Fortanix vs Ubiq
Executive Summary
Fortanix provides a broad data security platform with capabilities for key management, HSM, encryption, secrets management, tokenization, confidential computing, and post-quantum readiness. Fortanix Data Security Manager, or DSM, is positioned as a unified platform for managing cryptographic keys, certificates, secrets, HSM services, encryption, and tokenization across cloud, hybrid, and on-premises environments.
These capabilities are valuable and should remain part of the architecture where Fortanix is used for enterprise key management, tokenization, confidential computing, or HSM modernization.

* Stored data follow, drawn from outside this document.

text \<open>Outside the pairs (u,v), (v,u) only pairs meeting u or v change their gap; those are
  xw and wx for x \<in> {u,v} and w a neighbour of x in G, four disjoint families.\<close>
lemma sum_adj_pairs_add_edge:
  assumes sg: "simple_graph V E" and uv: "{u,v} \<notin> E" "u \<noteq> v" "u \<in> V" "v \<in> V"
  defines "E' \<equiv> add_edge E u v"
  defines "\<delta> \<equiv> \<lambda>p. sq_degree_gap E' p - sq_degree_gap E p"
  shows "(\<Sum>p\<in>adj_pairs V E'. sq_degree_gap E' p) = (\<Sum>p\<in>adj_pairs V E. sq_degree_gap E p)
     + 2 * sq_degree_gap E' (u,v)
     + 2 * (\<Sum>w\<in>neighbours V E u. \<delta> (u,w)) + 2 * (\<Sum>w\<in>neighbours V E v. \<delta> (v,w))"
proof -
  define A where "A x = Pair x ` neighbours V E x" for x
  define B where "B x = (\<lambda>w. (w,x)) ` neighbours V E x" for x
  have finV: "finite V" using sg unfolding simple_graph_def by simp
  have finP: "finite (adj_pairs V E)"
    by (rule finite_subset[of _ "V \<times> V"]) (auto simp: adj_pairs_def finV)
  have noloop: "{a} \<notin> E" for a using simple_graph_no_loop[OF sg] .
  have pairs': "adj_pairs V E' = insert (u,v) (insert (v,u) (adj_pairs V E))"
    using uv unfolding adj_pairs_def E'_def add_edge_def by (auto simp: insert_commute)
  have new: "(u,v) \<notin> adj_pairs V E" "(v,u) \<notin> adj_pairs V E" "(u,v) \<noteq> (v,u)"
    using uv by (auto simp: adj_pairs_def insert_commute)
  have "(\<Sum>p\<in>adj_pairs V E'. sq_degree_gap E' p)
      = 2 * sq_degree_gap E' (u,v) + (\<Sum>p\<in>adj_pairs V E. sq_degree_gap E' p)"
    using pairs' new finP sq_degree_gap_swap[of E' v u] by simp
  also have "(\<Sum>p\<in>adj_pairs V E. sq_degree_gap E' p)
      = (\<Sum>p\<in>adj_pairs V E. sq_degree_gap E p) + (\<Sum>p\<in>adj_pairs V E. \<delta> p)"
    unfolding \<delta>_def by (simp add: sum_subtractf)
  also have "(\<Sum>p\<in>adj_pairs V E. \<delta> p) = (\<Sum>p\<in>A u \<union> B u \<union> A v \<union> B v. \<delta> p)"
  proof (rule sum.mono_neutral_right[OF finP])
    show "A u \<union> B u \<union> A v \<union> B v \<subseteq> adj_pairs V E"
      using uv unfolding A_def B_def adj_pairs_def neighbours_def by (auto simp: insert_commute)
    show "\<forall>p\<in>adj_pairs V E - (A u \<union> B u \<union> A v \<union> B v). \<delta> p = 0"
    proof
      fix p assume p: "p \<in> adj_pairs V E - (A u \<union> B u \<union> A v \<union> B v)"
      obtain a b where ab: "p = (a,b)" by (cases p)
      have "a \<noteq> u \<and> a \<noteq> v \<and> b \<noteq> u \<and> b \<noteq> v"
        using p uv unfolding ab A_def B_def adj_pairs_def neighbours_def
        by (auto simp: insert_commute image_iff)
      then show "\<delta> p = 0"
        unfolding \<delta>_def sq_degree_gap_def ab E'_def using degree_add_edge[OF sg uv(1)] by simp
    qed
  qed
  also have "\<dots> = (\<Sum>p\<in>A u. \<delta> p) + (\<Sum>p\<in>B u. \<delta> p) + (\<Sum>p\<in>A v. \<delta> p) + (\<Sum>p\<in>B v. \<delta> p)"
  proof -
    have "finite (A x)" "finite (B x)" for x
      unfolding A_def B_def using simple_graph_finite_neighbours[OF sg] by auto
    moreover have "A u \<inter> B u = {}" "A v \<inter> B v = {}"
      "(A u \<union> B u) \<inter> A v = {}" "(A u \<union> B u \<union> A v) \<inter> B v = {}"
      using uv noloop unfolding A_def B_def neighbours_def by (auto simp: insert_commute)
    ultimately show ?thesis by (simp add: sum.union_disjoint)
  qed
  moreover have "(\<Sum>p\<in>A x. \<delta> p) = (\<Sum>w\<in>neighbours V E x. \<delta> (x,w))" for x
    unfolding A_def by (simp add: sum.reindex inj_on_def)
  moreover have "(\<Sum>p\<in>B x. \<delta> p) = (\<Sum>w\<in>neighbours V E x. \<delta> (x,w))" for x
    unfolding B_def \<delta>_def by (simp add: sum.reindex inj_on_def sq_degree_gap_swap)
  ultimately show ?thesis by simp
qed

Ubiq addresses a related but different layer of the problem: protecting sensitive values directly and governing whether users, applications, service accounts, APIs, pipelines, BI tools, AI workflows, and downstream systems can access those values in cleartext at runtime.

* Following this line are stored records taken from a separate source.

lemma integrable_pairing_nonneg:
  assumes h: "invariant_L2 h" and k: "invariant_L2 k"
    and hp: "\<And>t. 0 \<le> h t" and kp: "\<And>t. 0 \<le> k t"
  shows "integrable (augGW p \<mu>) (pairing h k)"
proof (rule Bochner_Integration.integrable_bound)
  have [measurable]: "h \<in> borel_measurable tree_space" "k \<in> borel_measurable tree_space"
    using h k by (simp_all add: invariant_L2_def)
  show "integrable (augGW p \<mu>)
          (\<lambda>t. (pairing (\<lambda>s. (h s)\<^sup>2) (\<lambda>_. 1) t + pairing (\<lambda>_. 1) (\<lambda>s. (k s)\<^sup>2) t) / 2)"
  proof -
    have h2: "integrable (augGW p \<mu>) (pairing (\<lambda>s. (h s)\<^sup>2) (\<lambda>_. 1))"
      using h by (simp add: invariant_L2_def pairing_const_one[abs_def])
    have "(\<integral>\<^sup>+t. ennreal (pairing (\<lambda>_. 1) (\<lambda>s. (k s)\<^sup>2) t) \<partial>augGW p \<mu>)
        = (\<integral>\<^sup>+t. ennreal (pairing (\<lambda>s. (k s)\<^sup>2) (\<lambda>_. 1) t) \<partial>augGW p \<mu>)"
      using k unfolding invariant_L2_def
      by (intro nn_integral_pairing_swap) (auto intro: iso_invariant_comp simp: iso_invariant_def)
    also have "\<dots> = (\<integral>\<^sup>+t. ennreal (norm ((k t)\<^sup>2 * mass t)) \<partial>augGW p \<mu>)"
      by (intro nn_integral_cong) (simp add: pairing_const_one mass_nonneg)
    also have "\<dots> < \<infinity>"
      using k by (simp add: invariant_L2_def integrable_iff_bounded)
    finally have "integrable (augGW p \<mu>) (pairing (\<lambda>_. 1) (\<lambda>s. (k s)\<^sup>2))"
      by (intro integrableI_nonneg) (auto intro!: pairing_nonneg borel_measurable_pairing)
    with h2 show ?thesis by (intro integrable_divide Bochner_Integration.integrable_add)
  qed
  show "pairing h k \<in> borel_measurable (augGW p \<mu>)"
    by (simp add: borel_measurable_pairing)
  show "AE t in augGW p \<mu>. norm (pairing h k t)
          \<le> norm ((pairing (\<lambda>s. (h s)\<^sup>2) (\<lambda>_. 1) t + pairing (\<lambda>_. 1) (\<lambda>s. (k s)\<^sup>2) t) / 2)"
  proof (intro AE_I2)
    fix t
    have "0 \<le> pairing h k t" by (rule pairing_nonneg[OF hp kp])
    moreover have "pairing h k t
        \<le> (pairing (\<lambda>s. (h s)\<^sup>2) (\<lambda>_. 1) t + pairing (\<lambda>_. 1) (\<lambda>s. (k s)\<^sup>2) t) / 2"
      by (rule pairing_le_squares[OF kp])
    ultimately show "norm (pairing h k t)
        \<le> norm ((pairing (\<lambda>s. (h s)\<^sup>2) (\<lambda>_. 1) t + pairing (\<lambda>_. 1) (\<lambda>s. (k s)\<^sup>2) t) / 2)"
      by simp
  qed
qed

lemma integral_pairing_swap_nonneg:
  assumes h: "invariant_L2 h" and k: "invariant_L2 k"
    and hp: "\<And>t. 0 \<le> h t" and kp: "\<And>t. 0 \<le> k t"
  shows "(\<integral>t. pairing h k t \<partial>augGW p \<mu>) = (\<integral>t. pairing k h t \<partial>augGW p \<mu>)"
proof -
  have [measurable]: "h \<in> borel_measurable tree_space" "k \<in> borel_measurable tree_space"
    using h k by (simp_all add: invariant_L2_def)
  have "(\<integral>\<^sup>+t. ennreal (pairing h k t) \<partial>augGW p \<mu>) = (\<integral>\<^sup>+t. ennreal (pairing k h t) \<partial>augGW p \<mu>)"
    using h k hp kp by (intro nn_integral_pairing_swap) (simp_all add: invariant_L2_def)
  moreover have "(\<integral>t. pairing a b t \<partial>augGW p \<mu>)
      = enn2real (\<integral>\<^sup>+t. ennreal (pairing a b t) \<partial>augGW p \<mu>)"
    if "a \<in> borel_measurable tree_space" "b \<in> borel_measurable tree_space"
      "\<And>t. 0 \<le> a t" "\<And>t. 0 \<le> b t" for a b
    using that
    by (intro integral_eq_nn_integral) (auto intro!: pairing_nonneg borel_measurable_pairing)
  ultimately show ?thesis
    using hp kp by simp
qed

The key distinction is not whether both platforms protect sensitive data. They do. The distinction is where each platform is strongest.
Fortanix is strong for centralized cryptographic infrastructure, KMS/HSM, secrets, tokenization, and confidential computing use cases. Ubiq is designed as a modern runtime sensitive data protection layer with identity-aware field and record controls, developer-friendly integrations, and enforcement across applications, databases, warehouses, APIs, analytics tools, AI workflows, and downstream systems.
Key Takeaways
- Fortanix and Ubiq both address sensitive data protection, but they differ in architecture, operating model, and primary enforcement layer.
- Fortanix is strong for enterprise key management, HSM services, secrets management, tokenization, encryption services, and confidential computing.
- Ubiq protects selected sensitive values directly and controls whether an identity or workflow can access those values in cleartext at runtime.
- Ubiq emphasizes identity-aware runtime authorization across users, applications, service accounts, pipelines, BI tools, AI workflows, and downstream systems.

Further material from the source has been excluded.